Chemosensitivity testing of a primary tumour is possible on the one hand by examination of a tumour biopsy, i.e. material is taken from the tumour by a minor surgical procedure (usually a so-called punch biopsy cylinder approx. 3mm long and 1mm in diameter). This is not always possible as tumours may sometimes grow together with healthy tissue, occupy a very deep-seated position or envelop important blood vessels.
For this reason it makes sense to isolate the disseminated cells (CTC) of the primary tumour from the blood and perform chemosensitivity testing. The CTC contain genetic information from the primary tumour and above all the information about the "Achilles' heel" of the future metastases.
Isolating the CTC is not an easy task. One millilitre (1 ml) of blood contains millions of blood cells (red and white blood cells, immune cells etc.) amongst which one to ten circulating tumour cells are present.
As described above tumour cells differ from healthy cells through their somewhat different genetic activity and composition. This is also manifest in slightly altered structures on the outer surface of the tumour cells. So-called antibodies are able to recognize these structures; they can thus distinguish to a certain extend between healthy cells and tumour cells and bind to the tumour cells. The further procedure is ingenious: the antibodies are coupled to tiny magnetic particles (micrometre sized, μ) and the blood sample is infused with these “magnetic beads“. The antibodies then fish around for tumour cells, attach to the cells and can be drawn out of the sample by means of a larger magnet after 20-30 minutes. To make sure that these are really tumour cells and not other blood cells at least the expression of approx. 10 marker genes typical of tumours are quantified. In addition to this the isolated cells are examined microscopically for tumour cells using suitable antibodies and cell staining.

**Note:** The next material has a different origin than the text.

(* Let $B$ be an $n\times n$ skew-symmetrizable matrix, $\mathbf d$ positive integers, $D=\mathrm{diag}(d_1,\dots,d_n)$. For every vertex $t$ of $\mathbb T_n$, the $G$-matrix $G^t$ of the $(\mathbf d,\mathbf z)$-cluster pattern with principal coefficients and initial seed $(\mathbf x,\mathbf y,B)$ coincides with the $G$-matrix at $t$ of the ordinary cluster pattern with principal coefficients and initial seed $(\mathbf x,\mathbf y,BD)$.
   Context: All matrices are integer, $[a]_+=\max(a,0)$; $BD$ is skew-symmetrizable. A semifield is an abelian multiplicative group with a commutative associative $\oplus$ over which multiplication distributes; $\mathcal F=\mathbb Q\mathbb P(w_1,\dots,w_n)$. Mutation data: positive integers $\mathbf d$ and $z_{i,s}$ ($1\le s\le d_i-1$) with $z_{i,s}=z_{i,d_i-s}$, $z_{i,0}=z_{i,d_i}=1$. The $(\mathbf d,\mathbf z)$-mutation $\mu_k(\mathbf{x},\mathbf{y},B)=(\mathbf{x}',\mathbf{y}',B')$ of a seed (skew-symmetrizable $B=(b_{ij})$, $\mathbf x\in\mathcal F^n$, $\mathbf y\in\mathbb P^n$): $b'_{ij}=-b_{ij}$ if $i=k$ or $j=k$, else $b'_{ij}=b_{ij}+d_k([-b_{ik}]_+b_{kj}+b_{ik}[b_{kj}]_+)$; $y'_k=y_k^{-1}$, $y'_i=y_i(y_k^{[\varepsilon b_{ki}]_+})^{d_k}(\bigoplus_{s=0}^{d_k}z_{k,s}y_k^{\varepsilon s})^{-b_{ki}}$ ($i\ne k$); $x'_i=x_i$ ($i\ne k$), $x'_k=x_k^{-1}(\prod_jx_j^{[-\varepsilon b_{jk}]_+})^{d_k}\frac{\sum_{s=0}^{d_k}z_{k,s}\hat y_k^{\varepsilon s}}{\bigoplus_{s=0}^{d_k}z_{k,s}y_k^{\varepsilon s}}$, $\hat y_i=y_i\prod_jx_j^{b_{ji}}$, $\varepsilon=\pm1$. $\mathbb T_n$ is the $n$-regular tree with edges labeled $1,\dots,n$, distinct labels at each vertex; a cluster pattern assigns seeds to vertices related by $\mu_k$ along edges labeled $k$, initial seed at fixed $t_0$. Principal coefficients: $\mathrm{Trop}(\mathbf y,\mathbf z)$ is the free abelian group generated by formal $y_1,\dots,y_n$, $z_{i,s}$ ($z_{i,s}=z_{i,d_i-s}$), with $\oplus$ the componentwise minimum of exponents; the pattern with principal coefficients lives in it with initial seed $(\mathbf x,\mathbf y,B)$. Each $x^t_i$ equals an $X$-function $X^t_i\in\mathbb Z[x_1^{\pm1},\dots,x_n^{\pm1},\mathbf y,\mathbf z]$, homogeneous for the grading $\deg x_i=\mathbf e_i$, $\deg y_j=-\sum_ib_{ij}\mathbf e_i$ ($B$ the initial matrix), $\deg z_{i,s}=0$; $\deg X^t_j=\sum_ig^t_{ij}\mathbf e_i$ defines $G^t=(g^t_{ij})$. The ordinary cluster pattern with principal coefficients is the special case $\mathbf d=(1,\dots,1)$ (no $\mathbf z$), with $G$-matrices defined the same way (using its own initial matrix for the grading). *)

theory Defs
  imports Complex_Main
begin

Then the expression of certain genes and their corresponding proteins (signal proteins, enzymes, receptors etc. e.g. EGFR, DCK etc.) which are used by the tumour cell is determined at the mRNA level in the CTC. The data were validated and incorporated into a therapy proposal.
The procedure is suitable not only for circulating tumour cells but is also used for biopsy specimens from solid tumours.
The number of CTC in the blood can fluctuate, so that in approx. 5 – 10% of samples at a particular time no cells can be found. After a certain time (3 – 6 days) the situation changes and CTC can be detected again. Drugs used in chemotherapy can also affect the number of CTC.